PLDT is, instead, moving forward with the relocation of its headquarters to a sprawling compound with a “campus-style” building in either north or south of Metro Manila, Pangilinan told reporters on Tuesday.
The company’s headquarters are located in the Ramon Cojuangco Building at the corner of Ayala Avenue and Makati Avenue in Makati’s financial district. In the same complex is the MGO building, which houses other companies affiliated with PLDT.
Pangilinan said the buildings occupied almost one hectare of prime real estate.
“In the digital age, you really need to have a flat organization, a flat environment,” he said, referring to many of the office structures of Silicon Valley’s most successful technology companies.
“If you are a tower, the floors simply attenuate your ability to communicate with each other,” he said. “A flat horizontal structure, not dissimilar to Facebook’s headquarters, just forces conversation to happen. Communication, collaboration—everything is open.”
PLDT said in a stock exchange filing on Tuesday that its board had approved the plan, which would be done either by itself or with partner property companies.
Specifically, this will involve the redevelopment of land and air rights to “maximize” their value.
It may also invest funds either in shares of stock of an asset holding company that will enter into a joint venture with a developer and other potential co-investors or a joint venture with the developer, for purposes of the redevelopment, the filing showed.
PLDT said the move still requires shareholders’ approval. Pangilinan said there were no talks with any property developer at this point.
This is not the first time PLDT said it was leaving its Makati City office. It made a similar announcement three years ago.
At the time, the company said it would raise P5 billion from the sale of its idle property as it was looking to acquire the 34-story Alphaland Tower for its new headquarters.

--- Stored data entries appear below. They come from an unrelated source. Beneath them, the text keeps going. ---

(* Let $\Lambda\subset\mathbb{R}^2$ be a $2$-dimensional lattice and let $C\subset\mathbb{R}^2$ be a convex body that is lattice reduced or lattice complete with respect to $\Lambda$. Then $\mathrm{diam}_\Lambda(C)\le\mathrm{wdt}_\Lambda(C)$.
   Context: A lattice $\Lambda\subset\mathbb{R}^2$ is a discrete subgroup spanning $\mathbb{R}^2$; $\Lambda^\star=\{y: x\cdot y\in\mathbb{Z}\ \forall x\in\Lambda\}$. For a convex body $C$ (compact convex, non-empty interior): $\mathrm{wdt}_\Lambda(C)=\min_{y\in\Lambda^\star\setminus\{0\}}\max_{a,b\in C}y\cdot(a-b)$; a segment $[a,b]$ is a lattice segment if $b-a$ is parallel to a nonzero vector of $\Lambda$, with lattice length $|b-a|/|v|$ where $v$ generates $\Lambda\cap\mathrm{span}\{b-a\}$ and is a positive multiple of $b-a$; $\mathrm{diam}_\Lambda(C)$ is the maximum lattice length of a lattice segment in $C$. $C$ is lattice reduced if no convex body $C'\subsetneq C$ has the same lattice width, lattice complete if no convex body $C'\supsetneq C$ has the same lattice diameter. *)

theory Defs
  imports "HOL-Analysis.Analysis"
begin

type_synonym pt = "real^2"

definition is_lattice :: "pt set \<Rightarrow> bool" where
  "is_lattice L \<longleftrightarrow>
     0 \<in> L \<and> (\<forall>x\<in>L. \<forall>y\<in>L. x + y \<in> L) \<and> (\<forall>x\<in>L. - x \<in> L) \<and>
     (\<forall>x\<in>L. \<exists>e>0. \<forall>y\<in>L. y \<noteq> x \<longrightarrow> dist y x \<ge> e) \<and>
     span L = UNIV"

definition dual_lattice :: "pt set \<Rightarrow> pt set" where
  "dual_lattice L = {y. \<forall>x\<in>L. x \<bullet> y \<in> \<int>}"

definition convex_body :: "pt set \<Rightarrow> bool" where
  "convex_body C \<longleftrightarrow> compact C \<and> convex C \<and> interior C \<noteq> {}"

definition lattice_width :: "pt set \<Rightarrow> pt set \<Rightarrow> real" where
  "lattice_width L C =
     Inf ((\<lambda>y. Sup {y \<bullet> (a - b) | a b. a \<in> C \<and> b \<in> C}) ` (dual_lattice L - {0}))"

definition lattice_segment :: "pt set \<Rightarrow> pt \<Rightarrow> pt \<Rightarrow> bool" where
  "lattice_segment L a b \<longleftrightarrow> a \<noteq> b \<and> (\<exists>v\<in>L. v \<noteq> 0 \<and> (\<exists>c. b - a = c *\<^sub>R v))"

definition primitive_vec :: "pt set \<Rightarrow> pt \<Rightarrow> pt" where
  "primitive_vec L d = (SOME v. v \<in> L \<and> v \<noteq> 0 \<and> (\<exists>c>0. v = c *\<^sub>R d) \<and>
        L \<inter> span {d} = range (\<lambda>k::int. of_int k *\<^sub>R v))"

definition lattice_length :: "pt set \<Rightarrow> pt \<Rightarrow> pt \<Rightarrow> real" where
  "lattice_length L a b = norm (b - a) / norm (primitive_vec L (b - a))"

definition lattice_diam :: "pt set \<Rightarrow> pt set \<Rightarrow> real" where
  "lattice_diam L C =
     Sup {lattice_length L a b | a b. lattice_segment L a b \<and> closed_segment a b \<subseteq> C}"

definition lattice_reduced :: "pt set \<Rightarrow> pt set \<Rightarrow> bool" where
  "lattice_reduced L C \<longleftrightarrow>
     (\<forall>C'. convex_body C' \<and> C' \<subset> C \<longrightarrow> lattice_width L C' \<noteq> lattice_width L C)"

definition lattice_complete :: "pt set \<Rightarrow> pt set \<Rightarrow> bool" where
  "lattice_complete L C \<longleftrightarrow>
     (\<forall>C'. convex_body C' \<and> C \<subset> C' \<longrightarrow> lattice_diam L C' \<noteq> lattice_diam L C)"

end

theory Submission
  imports Defs
begin

(*
  Suppose wdt(C) < diam(C). Take a lattice segment [a, b] in C that is longer than the width
  and a dual vector y0 in whose direction C is narrower than [a, b]. A lattice segment of
  lattice length l has width at least l in every dual direction not orthogonal to it, because
  the primitive vector v of its direction satisfies |y . v| >= 1. Hence y0 is orthogonal to
  b - a, and in the plane the only such dual directions are the multiples of y0.

  C is not reduced: for a centre c in the interior and t < 1 close to 1, the convex hull of the
  homothetic copy c + t (C - c) and of two points p, q realising the width in direction y0 is
  a proper convex subbody. The copy keeps width at least t l >= wdt(C) in every direction not
  orthogonal to b - a, and the chord [p, q] keeps the width in the multiples of y0.

  C is not complete: let mu v be the longest chord of C in direction v. A supporting
  hyperplane of the difference body C - C at mu v gives a linear form f bounding every chord
  in direction v by mu, also in the sweep C + [0, e] for e orthogonal to f. For e small the
  width of C + [0, e] in direction y0 stays below diam(C), so C + [0, e] is a strictly larger
  body with the same lattice diameter.
*)

section \<open>Lattices and primitive vectors\<close>

lemma is_lattice_zero: "is_lattice L \<Longrightarrow> 0 \<in> L"
  by (simp add: is_lattice_def)

lemma is_lattice_add: "is_lattice L \<Longrightarrow> x \<in> L \<Longrightarrow> y \<in> L \<Longrightarrow> x + y \<in> L"
  by (simp add: is_lattice_def)

lemma is_lattice_uminus: "is_lattice L \<Longrightarrow> x \<in> L \<Longrightarrow> - x \<in> L"
  by (simp add: is_lattice_def)

lemma is_lattice_diff: "is_lattice L \<Longrightarrow> x \<in> L \<Longrightarrow> y \<in> L \<Longrightarrow> x - y \<in> L"
  using is_lattice_add[of L x "- y"] is_lattice_uminus[of L y] by simp

lemma is_lattice_scaleR_of_nat: "is_lattice L \<Longrightarrow> x \<in> L \<Longrightarrow> of_nat n *\<^sub>R x \<in> L"
  by (induction n) (simp_all add: is_lattice_zero is_lattice_add algebra_simps)

lemma is_lattice_scaleR_of_int:
  assumes "is_lattice L" "x \<in> L" shows "of_int k *\<^sub>R x \<in> L"
proof (cases k rule: int_cases)
  case (nonneg n)
  then show ?thesis using is_lattice_scaleR_of_nat[OF assms] by simp
next
  case (neg n)
  then have "of_int k = - real (Suc n)" by simp
  then have "of_int k *\<^sub>R x = - (of_nat (Suc n) *\<^sub>R x)" by (simp only: scaleR_minus_left)
  then show ?thesis
    using is_lattice_uminus[OF assms(1) is_lattice_scaleR_of_nat[OF assms]] by metis
qed

lemma is_lattice_discrete:
  assumes "is_lattice L"
  obtains e where "e > 0" "\<And>x. x \<in> L \<Longrightarrow> x \<noteq> 0 \<Longrightarrow> e \<le> norm x"
proof -
  obtain e where "e > 0" "\<forall>y\<in>L. y \<noteq> 0 \<longrightarrow> dist y 0 \<ge> e"
    using assms is_lattice_zero[OF assms] unfolding is_lattice_def by blast
  then show thesis using that by simp
qed

lemma is_lattice_finite_Int_bounded:
  assumes L: "is_lattice L" and "bounded S"
  shows "finite (L \<inter> S)"
proof (rule ccontr)
  assume inf: "infinite (L \<inter> S)"
  obtain e where e: "e > 0" "\<And>x. x \<in> L \<Longrightarrow> x \<noteq> 0 \<Longrightarrow> e \<le> norm x"
    using is_lattice_discrete[OF L] by blast
  have "bounded (L \<inter> S)" using assms(2) bounded_subset by blast
  then obtain x where x: "x islimpt (L \<inter> S)"
    using bounded_infinite_imp_islimpt[OF order_refl _ inf] by blast
  then obtain y1 where y1: "y1 \<in> L \<inter> S" "y1 \<noteq> x" "dist y1 x < e/2"
    using e(1) unfolding islimpt_approachable by (meson half_gt_zero)
  then obtain y2 where y2: "y2 \<in> L \<inter> S" "y2 \<noteq> x" "dist y2 x < min (e/2) (dist y1 x)"
    using x e(1) unfolding islimpt_approachable
    by (metis half_gt_zero min_less_iff_conj zero_less_dist_iff)
  have "y1 - y2 \<in> L" "y1 - y2 \<noteq> 0" using y1 y2 is_lattice_diff[OF L] by auto
  moreover have "norm (y1 - y2) < e"
    using y1 y2 dist_triangle_half_l[of y1 x e y2] by (simp add: dist_norm dist_commute)
  ultimately show False using e(2) by fastforce
qed

lemma is_lattice_shortest_nonzero:
  assumes L: "is_lattice L" and u: "u \<in> L \<inter> S" "u \<noteq> 0"
  obtains v where "v \<in> L \<inter> S" "v \<noteq> 0" "\<And>x. x \<in> L \<inter> S \<Longrightarrow> x \<noteq> 0 \<Longrightarrow> norm v \<le> norm x"
proof -
  define F where "F = L \<inter> (S \<inter> cball 0 (norm u)) - {0}"
  have "finite F"
    unfolding F_def using is_lattice_finite_Int_bounded[OF L] by (simp add: bounded_Int)
  moreover have "u \<in> F" unfolding F_def using u by simp
  ultimately obtain v where v: "v \<in> F" "\<And>x. x \<in> F \<Longrightarrow> norm v \<le> norm x"
    using arg_min_if_finite[of F norm] by (metis empty_iff not_less)
  show thesis
  proof (rule that)
    show "v \<in> L \<inter> S" "v \<noteq> 0" using v(1) unfolding F_def by auto
    fix x assume "x \<in> L \<inter> S" "x \<noteq> 0"
    then show "norm v \<le> norm x"
      using v(2)[of x] v(2)[OF \<open>u \<in> F\<close>] unfolding F_def by force
  qed
qed

definition is_primitive :: "pt set \<Rightarrow> pt \<Rightarrow> pt \<Rightarrow> bool" where
  "is_primitive L d v \<longleftrightarrow> v \<in> L \<and> v \<noteq> 0 \<and> (\<exists>c>0. v = c *\<^sub>R d) \<and>
     L \<inter> span {d} = range (\<lambda>k::int. of_int k *\<^sub>R v)"

lemma is_primitive_exists:
  assumes L: "is_lattice L" and u: "u \<in> L" "u \<noteq> 0" "u \<in> span {d}"
  shows "\<exists>v. is_primitive L d v"
proof -
  obtain v0 where v0: "v0 \<in> L \<inter> span {d}" "v0 \<noteq> 0"
    and shortest: "\<And>x. x \<in> L \<inter> span {d} \<Longrightarrow> x \<noteq> 0 \<Longrightarrow> norm v0 \<le> norm x"
    using is_lattice_shortest_nonzero[OF L, of u "span {d}"] u by blast
  then obtain t where t: "v0 = t *\<^sub>R d" by (auto simp: span_singleton)
  with v0 have "t \<noteq> 0" by auto
  define v where "v = \<bar>t\<bar> *\<^sub>R d"
  have "v = v0 \<or> v = - v0" unfolding v_def t by (simp add: abs_if)
  then have vL: "v \<in> L" and norm_v: "norm v = norm v0"
    using v0 is_lattice_uminus[OF L] by auto
  have "L \<inter> span {d} = range (\<lambda>k::int. of_int k *\<^sub>R v)"
  proof (intro set_eqI iffI)
    fix x assume x: "x \<in> L \<inter> span {d}"
    then obtain s where "x = s *\<^sub>R d" by (auto simp: span_singleton)
    then have xq: "x = (s / \<bar>t\<bar>) *\<^sub>R v" using \<open>t \<noteq> 0\<close> by (simp add: v_def)
    define r where "r = x - of_int \<lfloor>s / \<bar>t\<bar>\<rfloor> *\<^sub>R v"
    have "r \<in> L"
      unfolding r_def using x is_lattice_diff[OF L] is_lattice_scaleR_of_int[OF L vL] by blast
    moreover have "r \<in> span {d}"
      unfolding r_def using x by (auto simp: v_def span_diff span_mul span_base)
    moreover have "norm r < norm v0"
    proof -
      have "r = frac (s / \<bar>t\<bar>) *\<^sub>R v" unfolding r_def xq frac_def by (simp add: algebra_simps)
      moreover have "frac (s / \<bar>t\<bar>) < 1" by (rule frac_lt_1)
      ultimately show ?thesis
        using v0(2) norm_v by (simp add: frac_ge_0 mult_less_cancel_right1 less_le)
    qed
    ultimately have "r = 0" using shortest by fastforce
    then show "x \<in> range (\<lambda>k::int. of_int k *\<^sub>R v)" unfolding r_def by auto
  next
    fix x assume "x \<in> range (\<lambda>k::int. of_int k *\<^sub>R v)"
    then show "x \<in> L \<inter> span {d}"
      using is_lattice_scaleR_of_int[OF L vL] by (auto simp: v_def span_mul span_base)
  qed
  moreover have "v \<noteq> 0" using norm_v v0(2) by auto
  moreover have "\<exists>c>0. v = c *\<^sub>R d" using \<open>t \<noteq> 0\<close> unfolding v_def by (intro exI[of _ "\<bar>t\<bar>"]) auto
  ultimately show ?thesis using vL unfolding is_primitive_def by blast
qed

That transaction did not push through since the asking price was too high.
Pangilinan declined to say how much PLDT’s property assets were worth, but the figure was likely higher given increasing land valuation in the country’s prime business districts.
The plan is in line with the company’s broader move to “reset” its strategy as earnings continue to decline given the changing telco landscape.
Pangilinan said earlier the company’s transition could last three years. PLDT earlier reported that core profit last year sank 6 percent to P35.2 billion. Its core profit this year is projected to drop further to P28 billion, he said.